Assigned task: All lines holding the word "proof" are to be copied from the records beneath.

= = = = = = =

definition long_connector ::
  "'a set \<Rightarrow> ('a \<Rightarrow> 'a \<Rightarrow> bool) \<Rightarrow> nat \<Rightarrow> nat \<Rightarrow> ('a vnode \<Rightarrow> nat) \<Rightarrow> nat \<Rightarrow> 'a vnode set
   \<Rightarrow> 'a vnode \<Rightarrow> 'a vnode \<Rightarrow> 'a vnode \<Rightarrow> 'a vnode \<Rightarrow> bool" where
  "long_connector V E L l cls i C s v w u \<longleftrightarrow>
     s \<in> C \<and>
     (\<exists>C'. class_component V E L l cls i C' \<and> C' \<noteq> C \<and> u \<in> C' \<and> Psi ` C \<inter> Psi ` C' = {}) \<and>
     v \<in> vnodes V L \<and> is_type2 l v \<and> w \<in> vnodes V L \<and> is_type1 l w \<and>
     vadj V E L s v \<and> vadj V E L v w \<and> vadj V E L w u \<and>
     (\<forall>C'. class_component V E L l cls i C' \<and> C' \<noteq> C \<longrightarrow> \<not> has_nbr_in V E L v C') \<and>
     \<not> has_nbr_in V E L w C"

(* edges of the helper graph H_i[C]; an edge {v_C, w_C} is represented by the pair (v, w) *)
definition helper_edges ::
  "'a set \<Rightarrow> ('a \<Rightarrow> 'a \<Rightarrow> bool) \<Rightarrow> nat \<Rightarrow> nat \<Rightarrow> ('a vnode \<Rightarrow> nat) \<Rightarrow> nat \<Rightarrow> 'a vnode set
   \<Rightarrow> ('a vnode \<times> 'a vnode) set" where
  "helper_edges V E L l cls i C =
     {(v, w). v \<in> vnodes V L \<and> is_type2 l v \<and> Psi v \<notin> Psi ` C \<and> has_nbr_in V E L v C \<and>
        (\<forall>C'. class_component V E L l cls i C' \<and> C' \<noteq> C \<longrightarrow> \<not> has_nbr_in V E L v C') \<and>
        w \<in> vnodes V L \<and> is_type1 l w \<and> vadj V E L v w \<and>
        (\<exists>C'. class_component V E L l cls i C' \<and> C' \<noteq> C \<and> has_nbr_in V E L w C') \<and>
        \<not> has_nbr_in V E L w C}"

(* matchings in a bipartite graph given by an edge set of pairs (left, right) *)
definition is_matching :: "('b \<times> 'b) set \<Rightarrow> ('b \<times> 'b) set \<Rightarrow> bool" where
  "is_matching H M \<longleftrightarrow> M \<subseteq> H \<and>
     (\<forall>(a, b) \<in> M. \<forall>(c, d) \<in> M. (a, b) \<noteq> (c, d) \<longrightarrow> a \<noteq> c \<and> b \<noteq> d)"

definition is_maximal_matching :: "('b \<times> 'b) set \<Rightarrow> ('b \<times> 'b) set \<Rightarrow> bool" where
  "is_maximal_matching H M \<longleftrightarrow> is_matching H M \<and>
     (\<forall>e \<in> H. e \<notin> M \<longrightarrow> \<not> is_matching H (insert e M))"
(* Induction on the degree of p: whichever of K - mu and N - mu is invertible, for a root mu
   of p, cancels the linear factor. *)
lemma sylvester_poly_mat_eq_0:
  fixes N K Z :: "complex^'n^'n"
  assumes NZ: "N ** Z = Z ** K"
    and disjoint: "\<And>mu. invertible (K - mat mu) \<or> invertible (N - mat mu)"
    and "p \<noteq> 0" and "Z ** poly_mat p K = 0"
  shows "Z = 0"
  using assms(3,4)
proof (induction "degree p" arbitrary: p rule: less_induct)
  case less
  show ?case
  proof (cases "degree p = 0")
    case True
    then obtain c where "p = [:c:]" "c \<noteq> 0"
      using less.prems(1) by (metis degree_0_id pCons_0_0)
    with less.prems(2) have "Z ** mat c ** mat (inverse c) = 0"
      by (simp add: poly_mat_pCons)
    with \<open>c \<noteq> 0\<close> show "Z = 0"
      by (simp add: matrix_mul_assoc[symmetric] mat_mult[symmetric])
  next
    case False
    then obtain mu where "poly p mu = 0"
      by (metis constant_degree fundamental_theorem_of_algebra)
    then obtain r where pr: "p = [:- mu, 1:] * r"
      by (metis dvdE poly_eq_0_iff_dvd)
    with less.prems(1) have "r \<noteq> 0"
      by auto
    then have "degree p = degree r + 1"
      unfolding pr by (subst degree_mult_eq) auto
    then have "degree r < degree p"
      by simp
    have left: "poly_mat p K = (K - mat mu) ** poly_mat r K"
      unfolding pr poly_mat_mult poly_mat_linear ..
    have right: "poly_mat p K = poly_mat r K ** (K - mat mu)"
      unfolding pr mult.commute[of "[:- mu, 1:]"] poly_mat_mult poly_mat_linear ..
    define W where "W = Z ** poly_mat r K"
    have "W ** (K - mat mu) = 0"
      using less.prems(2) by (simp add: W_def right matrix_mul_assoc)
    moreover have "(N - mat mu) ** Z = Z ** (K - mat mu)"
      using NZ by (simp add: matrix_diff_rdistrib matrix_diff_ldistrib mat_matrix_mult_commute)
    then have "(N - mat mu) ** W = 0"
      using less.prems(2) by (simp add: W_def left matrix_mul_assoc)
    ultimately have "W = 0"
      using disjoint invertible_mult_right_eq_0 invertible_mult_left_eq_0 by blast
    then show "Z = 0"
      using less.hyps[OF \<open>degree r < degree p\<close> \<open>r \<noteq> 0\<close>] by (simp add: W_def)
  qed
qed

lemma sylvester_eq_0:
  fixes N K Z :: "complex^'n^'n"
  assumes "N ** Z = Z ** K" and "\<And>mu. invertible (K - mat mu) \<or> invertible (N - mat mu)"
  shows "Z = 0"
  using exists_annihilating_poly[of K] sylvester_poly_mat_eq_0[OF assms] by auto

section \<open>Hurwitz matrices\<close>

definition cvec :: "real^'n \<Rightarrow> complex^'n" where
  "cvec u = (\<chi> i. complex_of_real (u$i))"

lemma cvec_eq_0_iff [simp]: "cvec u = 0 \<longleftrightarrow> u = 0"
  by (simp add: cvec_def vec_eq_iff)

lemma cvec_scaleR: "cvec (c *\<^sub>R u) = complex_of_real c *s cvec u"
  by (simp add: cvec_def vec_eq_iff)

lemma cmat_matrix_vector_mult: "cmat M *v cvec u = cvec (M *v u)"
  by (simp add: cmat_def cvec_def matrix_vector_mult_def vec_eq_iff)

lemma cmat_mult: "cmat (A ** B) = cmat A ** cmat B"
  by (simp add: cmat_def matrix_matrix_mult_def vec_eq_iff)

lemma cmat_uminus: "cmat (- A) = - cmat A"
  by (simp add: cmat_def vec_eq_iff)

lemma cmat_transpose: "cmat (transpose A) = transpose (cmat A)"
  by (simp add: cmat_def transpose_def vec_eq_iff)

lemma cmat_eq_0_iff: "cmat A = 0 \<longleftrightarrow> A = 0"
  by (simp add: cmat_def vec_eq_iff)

= = = = = = =

Written response:
proof (induction "degree p" arbitrary: p rule: less_induct)
  proof (cases "degree p = 0")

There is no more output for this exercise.